(* For all $0<q<1$, the Chern character of the Fredholm module $(\mathcal{A}(S^2_q),\mathcal{H},F)$ associated to the spectral triple $(\mathcal{A}(S^2_q),\mathcal{H},D)$ pairs with the class of the projector $$p'=\frac{1}{2}\begin{pmatrix}1+b & a^* \\ a & 1-q^{-2}b\end{pmatrix}\in\mathcal{A}(S^2_q)\otimes\mathrm{Mat}_2(\mathbb{C})$$ to give $\mathrm{ch}^F([p'])=-1$. In particular the Chern character of this spectral triple is non-trivial.
   Context: Let $0<q<1$ and let $\mathcal{A}(S^2_q)$ be the $*$-algebra of the equatorial Podleś sphere, generated by $a,a^*$ and $b=b^*$ with relations $ba=q^2ab$, $a^*a+b^2=1$, $q^4aa^*+b^2=q^4$. Let $\hat{\mathcal{H}}$ be the Hilbert space with orthonormal basis $\ket{l,m}$, $l\in\mathbb{N}+\tfrac12$, $m=-l,\dots,l$, and $\mathcal{H}=\hat{\mathcal{H}}\otimes\mathbb{C}^2=\mathcal{H}_+\oplus\mathcal{H}_-$. Let $\pi=\pi_+\oplus\pi_-$ be the spin representation of Dąbrowski–Landi–Paschke–Sitarz, where with $[x]=(q^x-q^{-x})/(q-q^{-1})$, $\pi_\pm(a)\ket{l,m}=q^{m-l-\frac12}\frac{\sqrt{[l+m+1][l+m+2]}}{[2l+2]}\ket{l+1,m+1}-q^{m+l+\frac12}\frac{\sqrt{[l-m-1][l-m]}}{[2l]}\ket{l-1,m+1}\pm\frac{(1+q^2)q^{m-\frac12}}{[2l][2l+2]}\sqrt{[l+m+1][l-m]}\ket{l,m+1}$, $\pi_\pm(b)\ket{l,m}=-q^{m+1}\frac{\sqrt{[l+m+1][l-m+1]}}{[2l+2]}\ket{l+1,m}-q^{m+1}\frac{\sqrt{[l+m][l-m]}}{[2l]}\ket{l-1,m}\pm\frac{[l-m+1][l+m]-q^2[l-m][l+m+1]}{[2l][2l+2]}\ket{l,m}$. The Dirac operator is $D=|D|\otimes F$ with $|D|\ket{l,m}=(l+\tfrac12)\ket{l,m}$ and $F=\begin{pmatrix}0&1\\1&0\end{pmatrix}$, grading $\gamma=\mathrm{diag}(1,-1)$. With $\rho_-=(\pi_+-\pi_-)/2$, the commutator $[F,\pi(x)]=2\rho_-(x)\otimes\begin{pmatrix}0&-1\\1&0\end{pmatrix}$ is trace class, so the cocycle $\mathrm{ch}^F_0(x)=\tfrac12\mathrm{Trace}(\gamma F[F,\pi(x)])=2\,\mathrm{Trace}_{\hat{\mathcal{H}}}\rho_-(x)$ is well defined, and its pairing with $[p']$ equals the index of $p'Fp'$. *)

theory Defs
  imports "HOL-Analysis.Analysis"
begin

text \<open>Basis labels |l,m> of the Hilbert space hat H: l in N + 1/2, m = -l, ..., l.
  We encode a basis vector by the real pair (l,m).\<close>
definition basis_idx :: "(real \<times> real) set" where
  "basis_idx = {(l,m). \<exists>n::nat. \<exists>k::nat. l = real n + 1/2 \<and> k \<le> 2*n+1 \<and> m = real k - l}"
(* Every pre-Hilbert $*$-category is additive, i.e. it has finite biproducts and its unique enrichment in commutative monoids (coming from the biproducts) is an enrichment in abelian groups.
   Context: A $*$-category is a category equipped with a choice of morphism $f^*\colon Y\to X$ for each morphism $f\colon X\to Y$ such that $1^*=1$, $(gf)^*=f^*g^*$ and $(f^* )^*=f$. A morphism $f$ is an isometry (isometric) if $f^*f=1$. A kernel of $f\colon X\to Y$ is an equaliser of $f$ and the zero morphism; an isometric kernel is a kernel that is an isometry. An orthonormal biproduct of $X_1,X_2$ is a biproduct $(X,s_1,r_1,s_2,r_2)$ (so $(X,s_1,s_2)$ a coproduct, $(X,r_1,r_2)$ a product, $r_ks_k=1$, $r_ks_j=0$ for $j\neq k$) with $r_k=s_k^*$ for each $k$. A pre-Hilbert $*$-category is a $*$-category in which (R1) there is a zero object, (R2) every pair of objects has an orthonormal biproduct, (R3) every morphism has an isometric kernel, and (R4) for every object $X$ the diagonal $\Delta=\begin{bmatrix}1\\1\end{bmatrix}\colon X\to X\oplus X$ (into a chosen orthonormal biproduct) is a normal monomorphism, i.e. a kernel of some morphism. A category with finite biproducts has a unique enrichment in commutative monoids, with $f+g=\nabla(f\oplus g)\Delta$. *)

theory Defs
  imports "HOL-Algebra.Group"
begin

text \<open>A category presented by its objects, arrows, source, target, identities and
  composition (Cmp C g f is g after f), together with an involution Str (the star).\<close>

record ('o, 'm) starcat =
  Ob  :: "'o set"
  Ar  :: "'m set"
  Src :: "'m \<Rightarrow> 'o"
  Tgt :: "'m \<Rightarrow> 'o"
  Idm :: "'o \<Rightarrow> 'm"
  Cmp :: "'m \<Rightarrow> 'm \<Rightarrow> 'm"
  Str :: "'m \<Rightarrow> 'm"

definition hom :: "('o, 'm) starcat \<Rightarrow> 'o \<Rightarrow> 'o \<Rightarrow> 'm set" where
  "hom C X Y = {f \<in> Ar C. Src C f = X \<and> Tgt C f = Y}"

definition is_category :: "('o, 'm) starcat \<Rightarrow> bool" where
  "is_category C \<longleftrightarrow>
     (\<forall>f \<in> Ar C. Src C f \<in> Ob C \<and> Tgt C f \<in> Ob C)
   \<and> (\<forall>X \<in> Ob C. Idm C X \<in> hom C X X)
   \<and> (\<forall>f \<in> Ar C. \<forall>g \<in> Ar C. Tgt C f = Src C g \<longrightarrow>
        Cmp C g f \<in> hom C (Src C f) (Tgt C g))
   \<and> (\<forall>f \<in> Ar C. \<forall>g \<in> Ar C. \<forall>h \<in> Ar C. Tgt C f = Src C g \<longrightarrow> Tgt C g = Src C h \<longrightarrow>
        Cmp C h (Cmp C g f) = Cmp C (Cmp C h g) f)
   \<and> (\<forall>f \<in> Ar C. Cmp C (Idm C (Tgt C f)) f = f \<and> Cmp C f (Idm C (Src C f)) = f)"

definition is_star_category :: "('o, 'm) starcat \<Rightarrow> bool" where
  "is_star_category C \<longleftrightarrow> is_category C
   \<and> (\<forall>f \<in> Ar C. Str C f \<in> hom C (Tgt C f) (Src C f))
   \<and> (\<forall>X \<in> Ob C. Str C (Idm C X) = Idm C X)
   \<and> (\<forall>f \<in> Ar C. \<forall>g \<in> Ar C. Tgt C f = Src C g \<longrightarrow>
        Str C (Cmp C g f) = Cmp C (Str C f) (Str C g))
   \<and> (\<forall>f \<in> Ar C. Str C (Str C f) = f)"
lemma group_actionI:
  assumes closed: "\<And>g x. g \<in> carrier G \<Longrightarrow> x \<in> E \<Longrightarrow> act g x \<in> E"
    and one: "\<And>x. x \<in> E \<Longrightarrow> act \<one> x = x"
    and compose: "\<And>g h x. g \<in> carrier G \<Longrightarrow> h \<in> carrier G \<Longrightarrow> x \<in> E \<Longrightarrow>
                    act (g \<otimes> h) x = act g (act h x)"
  shows "group_action G E (\<lambda>g. \<lambda>x\<in>E. act g x)"
proof -
  have act_inv: "act (inv g) (act g x) = x" if "g \<in> carrier G" "x \<in> E" for g x
    using compose[of "inv g" g x] one that by simp
  have bij: "(\<lambda>x\<in>E. act g x) \<in> Bij E" if g: "g \<in> carrier G" for g
    unfolding Bij_def bij_betw_def
  proof (intro CollectI IntI conjI)
    show "inj_on (\<lambda>x\<in>E. act g x) E"
      by (rule inj_onI) (metis act_inv g restrict_apply')
    have "y \<in> (\<lambda>x\<in>E. act g x) ` E" if "y \<in> E" for y
      using act_inv[of "inv g" y] closed[of "inv g" y] g that by (auto intro!: image_eqI)
    then show "(\<lambda>x\<in>E. act g x) ` E = E"
      using closed g by auto
  qed simp
  have "(\<lambda>x\<in>E. act (g \<otimes> h) x) = (\<lambda>x\<in>E. act g x) \<otimes>\<^bsub>BijGroup E\<^esub> (\<lambda>x\<in>E. act h x)"
    if "g \<in> carrier G" "h \<in> carrier G" for g h
    using that bij closed compose by (auto simp: BijGroup_def compose_def)
  then show ?thesis
    unfolding group_action_def group_hom_def group_hom_axioms_def
    using bij group_BijGroup by (auto simp: hom_def BijGroup_def is_group)
qed
lemma kernel_solvable_common_cover:
  assumes sys: "kernel_system X S (I \<union> J \<union> K) f c" and sol: "kernel_solvable X S I f c"
    "kernel_solvable X S J f c" "kernel_solvable X S K f c"
  obtains \<gamma> bI bJ bK where "kernel_solution X S I f c \<gamma> bI" "kernel_solution X S J f c \<gamma> bJ"
    "kernel_solution X S K f c \<gamma> bK"
proof -
  have sysI: "kernel_system X S I f c" and sysJ: "kernel_system X S J f c"
    and sysK: "kernel_system X S K f c" using kernel_system_mono[OF _ sys] by blast+
  obtain \<alpha>1 b1 \<alpha>2 b2 \<alpha>3 b3 where s: "kernel_solution X S I f c \<alpha>1 b1" "kernel_solution X S J f c \<alpha>2 b2"
    "kernel_solution X S K f c \<alpha>3 b3" using sol unfolding kernel_solvable_def by blast
  have r: "regular_epi C \<alpha>1" "regular_epi C \<alpha>2" "regular_epi C \<alpha>3"
    and S: "Cod C \<alpha>1 = S" "Cod C \<alpha>2 = S" "Cod C \<alpha>3 = S" using s unfolding kernel_solution_def by blast+
  obtain u v where v: "regular_epi C v" "u \<in> hom C (Dom C v) (Dom C \<alpha>1)" "v \<in> hom C (Dom C v) (Dom C \<alpha>2)"
    and uv: "\<alpha>1 \<cdot> u = \<alpha>2 \<cdot> v"
    using regular_epi_lift[OF r(1) regular_epi_arr[OF r(2)]] S by metis
  have va: "u \<in> Arr C" "Cod C u = Dom C \<alpha>1" "v \<in> Arr C" "Cod C v = Dom C \<alpha>2"
    using v by (auto simp: in_hom_iff)
  have \<beta>: "regular_epi C (\<alpha>2 \<cdot> v)" using regular_epi_comp[OF v(1) r(2) va(4)] .
  have sI: "kernel_solution X S I f c (\<alpha>2 \<cdot> v) (b1 \<cdot> u)"
    using kernel_solution_comp[OF s(1) sysI va(1,2)] \<beta> uv by simp
  have sJ: "kernel_solution X S J f c (\<alpha>2 \<cdot> v) (b2 \<cdot> v)"
    using kernel_solution_comp[OF s(2) sysJ va(3,4) \<beta>] .
  have \<beta>S: "Cod C (\<alpha>2 \<cdot> v) = Cod C \<alpha>3" using sJ S unfolding kernel_solution_def by simp
  obtain u' v' where v': "regular_epi C v'" "u' \<in> hom C (Dom C v') (Dom C (\<alpha>2 \<cdot> v))"
    "v' \<in> hom C (Dom C v') (Dom C \<alpha>3)" and uv': "(\<alpha>2 \<cdot> v) \<cdot> u' = \<alpha>3 \<cdot> v'"
    using regular_epi_lift[OF \<beta> regular_epi_arr[OF r(3)] \<beta>S[symmetric]] by metis
  have va': "u' \<in> Arr C" "Cod C u' = Dom C (\<alpha>2 \<cdot> v)" "v' \<in> Arr C" "Cod C v' = Dom C \<alpha>3"
    using v' by (auto simp: in_hom_iff)
  have \<gamma>: "regular_epi C (\<alpha>3 \<cdot> v')" using regular_epi_comp[OF v'(1) r(3) va'(4)] .
  show ?thesis
  proof (rule that)
    show "kernel_solution X S I f c (\<alpha>3 \<cdot> v') ((b1 \<cdot> u) \<cdot> u')"
      using kernel_solution_comp[OF sI sysI va'(1,2)] \<gamma> uv' by simp
    show "kernel_solution X S J f c (\<alpha>3 \<cdot> v') ((b2 \<cdot> v) \<cdot> u')"
      using kernel_solution_comp[OF sJ sysJ va'(1,2)] \<gamma> uv' by simp
    show "kernel_solution X S K f c (\<alpha>3 \<cdot> v') (b3 \<cdot> v')"
      using kernel_solution_comp[OF s(3) sysK va'(3,4) \<gamma>] .
  qed
qed

lemma kernel_solvable_triple:
  assumes maj: "majority_category C" and sys: "kernel_system X S {i, j, k} f c"
    and "kernel_solvable X S {i, j} f c" "kernel_solvable X S {i, k} f c" "kernel_solvable X S {j, k} f c"
  shows "kernel_solvable X S {i, j, k} f c"
proof -
  have sys': "kernel_system X S ({i, j} \<union> {i, k} \<union> {j, k}) f c" using sys by (simp add: insert_commute)
  obtain \<gamma> b1 b2 b3 where s: "kernel_solution X S {i, j} f c \<gamma> b1" "kernel_solution X S {i, k} f c \<gamma> b2"
    "kernel_solution X S {j, k} f c \<gamma> b3"
    using kernel_solvable_common_cover[OF sys' assms(3-5)] by blast
  have \<gamma>: "regular_epi C \<gamma>" "\<gamma> \<in> Arr C" "Cod C \<gamma> = S"
    and b: "b1 \<in> hom C (Dom C \<gamma>) X" "b2 \<in> hom C (Dom C \<gamma>) X" "b3 \<in> hom C (Dom C \<gamma>) X"
    and eq: "f i \<cdot> b1 = c i \<cdot> \<gamma>" "f j \<cdot> b1 = c j \<cdot> \<gamma>" "f i \<cdot> b2 = c i \<cdot> \<gamma>" "f k \<cdot> b2 = c k \<cdot> \<gamma>"
      "f j \<cdot> b3 = c j \<cdot> \<gamma>" "f k \<cdot> b3 = c k \<cdot> \<gamma>"
    using s regular_epi_arr unfolding kernel_solution_def by auto
  have ca: "c l \<in> Arr C" "Dom C (c l) = S" if "l \<in> {i, j, k}" for l
    using sys that unfolding kernel_system_def by (auto simp: in_hom_iff)
  have f: "f i \<in> hom C X (Cod C (f i))" "f j \<in> hom C X (Cod C (f j))" "f k \<in> hom C X (Cod C (f k))"
    and cl: "c i \<cdot> \<gamma> \<in> hom C (Dom C \<gamma>) (Cod C (f i))" "c j \<cdot> \<gamma> \<in> hom C (Dom C \<gamma>) (Cod C (f j))"
      "c k \<cdot> \<gamma> \<in> hom C (Dom C \<gamma>) (Cod C (f k))"
    using sys \<gamma>(2,3) unfolding kernel_system_def by (auto simp: in_hom_iff)
  obtain v u where v: "regular_epi C v" "v \<in> hom C (Dom C v) (Dom C \<gamma>)" "u \<in> hom C (Dom C v) X"
    and sol: "f i \<cdot> u = (c i \<cdot> \<gamma>) \<cdot> v" "f j \<cdot> u = (c j \<cdot> \<gamma>) \<cdot> v" "f k \<cdot> u = (c k \<cdot> \<gamma>) \<cdot> v"
    by (rule majority_lift[OF maj f cl b eq])
  have va: "v \<in> Arr C" "Cod C v = Dom C \<gamma>" "Dom C (\<gamma> \<cdot> v) = Dom C v" "Cod C (\<gamma> \<cdot> v) = S"
    using v(2) \<gamma> by (auto simp: in_hom_iff)
  have "f l \<cdot> u = c l \<cdot> (\<gamma> \<cdot> v)" if l: "l \<in> {i, j, k}" for l
  proof -
    have "f l \<cdot> u = (c l \<cdot> \<gamma>) \<cdot> v" using l sol by blast
    also have "\<dots> = c l \<cdot> (\<gamma> \<cdot> v)" using ca[OF l] \<gamma>(2,3) va(1,2) by simp
    finally show ?thesis .
  qed
  then have "kernel_solution X S {i, j, k} f c (\<gamma> \<cdot> v) u"
    unfolding kernel_solution_def using regular_epi_comp[OF v(1) \<gamma>(1) va(2)] va v(3) by simp
  then show ?thesis unfolding kernel_solvable_def by blast
qed

lemma ball_merge_iff:
  assumes "i \<in> K" "Q i \<longleftrightarrow> P i \<and> P j" "\<And>l. l \<noteq> i \<Longrightarrow> Q l \<longleftrightarrow> P l"
  shows "(\<forall>l\<in>K. Q l) \<longleftrightarrow> (\<forall>l\<in>insert j K. P l)"
  using assms by (metis insert_iff)

lemma kernel_solvable_merge:
  assumes P: "is_product2 C (Cod C (f i)) (Cod C (f j)) q1 q2" and sys: "kernel_system X S {i, j} f c"
    and i: "i \<in> K"
  shows "kernel_solvable X S K (f(i := tuple2 C q1 q2 (f i) (f j))) (c(i := tuple2 C q1 q2 (c i) (c j)))
    \<longleftrightarrow> kernel_solvable X S (insert j K) f c"
proof -
  define f' where "f' = f(i := tuple2 C q1 q2 (f i) (f j))"
  define c' where "c' = c(i := tuple2 C q1 q2 (c i) (c j))"
  have fi: "f i \<in> hom C X (Cod C (f i))" "c i \<in> hom C S (Cod C (f i))"
    and fj: "f j \<in> hom C X (Cod C (f j))" "c j \<in> hom C S (Cod C (f j))"
    using sys unfolding kernel_system_def by (auto simp: in_hom_iff)
  have merged: "f' i \<cdot> b = c' i \<cdot> \<alpha> \<longleftrightarrow> f i \<cdot> b = c i \<cdot> \<alpha> \<and> f j \<cdot> b = c j \<cdot> \<alpha>"
    if \<alpha>: "\<alpha> \<in> hom C Q S" and b: "b \<in> hom C Q X" for Q \<alpha> b
  proof -
    have "f i \<cdot> b \<in> hom C Q (Cod C (f i))" "f j \<cdot> b \<in> hom C Q (Cod C (f j))"
      "c i \<cdot> \<alpha> \<in> hom C Q (Cod C (f i))" "c j \<cdot> \<alpha> \<in> hom C Q (Cod C (f j))"
      using fi fj \<alpha> b by (auto simp: in_hom_iff)
    note eq_iff = tuple2_eq_iff[OF P this]
    show ?thesis unfolding f'_def c'_def fun_upd_same
      tuple2_comp[OF P fi(1) fj(1) b] tuple2_comp[OF P fi(2) fj(2) \<alpha>] by (rule eq_iff)
  qed
  have other: "f' l = f l" "c' l = c l" if "l \<noteq> i" for l
    using that unfolding f'_def c'_def by simp_all
  have "kernel_solution X S K f' c' \<alpha> b \<longleftrightarrow> kernel_solution X S (insert j K) f c \<alpha> b" for \<alpha> b
  proof (cases "regular_epi C \<alpha> \<and> Cod C \<alpha> = S \<and> b \<in> hom C (Dom C \<alpha>) X")
    case True
    then have "\<alpha> \<in> hom C (Dom C \<alpha>) S" "b \<in> hom C (Dom C \<alpha>) X"
      using regular_epi_arr by (auto simp: in_hom_iff)
    then have "(\<forall>l\<in>K. f' l \<cdot> b = c' l \<cdot> \<alpha>) \<longleftrightarrow> (\<forall>l\<in>insert j K. f l \<cdot> b = c l \<cdot> \<alpha>)"
      by (intro ball_merge_iff[OF i] merged) (simp_all add: other)
    then show ?thesis unfolding kernel_solution_def using True by simp
  qed (auto simp: kernel_solution_def)
  then show ?thesis unfolding kernel_solvable_def f'_def c'_def by blast
qed

lemma kernel_system_merge:
  assumes P: "is_product2 C (Cod C (f i)) (Cod C (f j)) q1 q2" and sys: "kernel_system X S I f c"
    and ij: "i \<in> I" "j \<in> I"
  shows "kernel_system X S I (f(i := tuple2 C q1 q2 (f i) (f j))) (c(i := tuple2 C q1 q2 (c i) (c j)))"
proof -
  have "f i \<in> hom C X (Cod C (f i))" "c i \<in> hom C S (Cod C (f i))"
    "f j \<in> hom C X (Cod C (f j))" "c j \<in> hom C S (Cod C (f j))"
    using sys ij unfolding kernel_system_def by (auto simp: in_hom_iff)
  then have "tuple2 C q1 q2 (f i) (f j) \<in> hom C X (Dom C q1)" "tuple2 C q1 q2 (c i) (c j) \<in> hom C S (Dom C q1)"
    using tuple2_spec(1)[OF P] by simp_all
  then show ?thesis using sys unfolding kernel_system_def by (auto simp: in_hom_iff)
qed

lemma kernel_solvable_if_pairwise:
  assumes maj: "majority_category C"
  shows "finite I \<Longrightarrow> I \<noteq> {} \<Longrightarrow> kernel_system X S I f c \<Longrightarrow>
    (\<forall>i\<in>I. \<forall>j\<in>I. kernel_solvable X S {i, j} f c) \<Longrightarrow> kernel_solvable X S I f c"
proof (induction "card I" arbitrary: I f c rule: less_induct)
  case less
  note fin = less.prems(1) and sys = less.prems(3) and pairwise = less.prems(4)
  show ?case
  proof (cases "\<exists>i\<in>I. \<exists>j\<in>I. i \<noteq> j")
    case False
    obtain i where "i \<in> I" using less.prems(2) by blast
    with False have "I = {i}" by blast
    then show ?thesis using pairwise by simp
  next
    case True
    then obtain i j where ij: "i \<in> I" "j \<in> I" "i \<noteq> j" by blast
    have "Cod C (f i) \<in> Obj C" "Cod C (f j) \<in> Obj C"
      using sys ij cod_in_Obj unfolding kernel_system_def by blast+
    then obtain q1 q2 where P: "is_product2 C (Cod C (f i)) (Cod C (f j)) q1 q2"
      by (rule product2_exists)
    define f' where "f' = f(i := tuple2 C q1 q2 (f i) (f j))"
    define c' where "c' = c(i := tuple2 C q1 q2 (c i) (c j))"
    have merge: "kernel_solvable X S K f' c' \<longleftrightarrow> kernel_solvable X S (insert j K) f c" if "i \<in> K" for K
      unfolding f'_def c'_def
      by (rule kernel_solvable_merge[OF P kernel_system_mono[OF _ sys] that]) (use ij in simp)
    have sys': "kernel_system X S (I - {j}) f' c'"
      using kernel_system_mono[OF _ kernel_system_merge[OF P sys ij(1,2)]] unfolding f'_def c'_def by blast
    have "kernel_solvable X S {l, l'} f' c'" if l: "l \<in> I - {j}" "l' \<in> I - {j}" for l l'
    proof (cases "i \<in> {l, l'}")
      case True
      then obtain r where r: "r \<in> I" "{l, l'} = {i, r}" using l by blast
      have "kernel_solvable X S {i, j, r} f c"
        by (rule kernel_solvable_triple[OF maj]) (use sys pairwise ij r in \<open>auto intro: kernel_system_mono\<close>)
      then show ?thesis using merge[of "{l, l'}"] True r(2) by (simp add: insert_commute)
    next
      case False
      then show ?thesis using pairwise l unfolding f'_def c'_def
        by (subst kernel_solvable_cong[of _ _ f _ c]) auto
    qed
    moreover have "card (I - {j}) < card I" using fin ij(2) by (rule card_Diff1_less)
    ultimately have "kernel_solvable X S (I - {j}) f' c'"
      using less.hyps[of "I - {j}" f' c'] fin ij sys' by blast
    then show ?thesis using merge[of "I - {j}"] ij by (simp add: insert_absorb)
  qed
qed
lemma ex_hom_iso_iff:
  assumes i: "iso C i" "i \<in> hom C A B"
  shows "(\<exists>s\<in>hom C Q B. P s) \<longleftrightarrow> (\<exists>s\<in>hom C Q A. P (i \<cdot> s))"
proof
  assume "\<exists>s\<in>hom C Q B. P s"
  then obtain s where s: "s \<in> hom C Q B" "P s" by blast
  have "\<exists>g\<in>hom C B A. i \<cdot> g = Id C B" using i unfolding iso_def in_hom_iff by auto
  then obtain g where g: "g \<in> hom C B A" "i \<cdot> g = Id C B" by blast
  have a: "i \<in> Arr C" "g \<in> Arr C" "s \<in> Arr C" "Cod C s = B" "Dom C s = Q" "Dom C i = A" "Cod C i = B"
    "Dom C g = B" "Cod C g = A" using i(2) g(1) s(1) by (auto simp: in_hom_iff)
  have "i \<cdot> (g \<cdot> s) = (i \<cdot> g) \<cdot> s" using a by simp
  also have "\<dots> = s" using comp_Id_left[OF a(3)] a by (simp add: g(2))
  finally have "P (i \<cdot> (g \<cdot> s))" using s(2) by simp
  moreover have "g \<cdot> s \<in> hom C Q A" using a by (simp add: in_hom_iff)
  ultimately show "\<exists>s\<in>hom C Q A. P (i \<cdot> s)" by blast
next
  assume "\<exists>s\<in>hom C Q A. P (i \<cdot> s)"
  then obtain s where "s \<in> hom C Q A" "P (i \<cdot> s)" by blast
  moreover from this(1) have "i \<cdot> s \<in> hom C Q B" using i(2) by (auto simp: in_hom_iff)
  ultimately show "\<exists>s\<in>hom C Q B. P s" by blast
qed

☆ ☆ ☆

Search the listing for "finally" and copy each line holding it.

#### Expected output:
    finally show ?thesis .
  finally have "P (i \<cdot> (g \<cdot> s))" using s(2) by simp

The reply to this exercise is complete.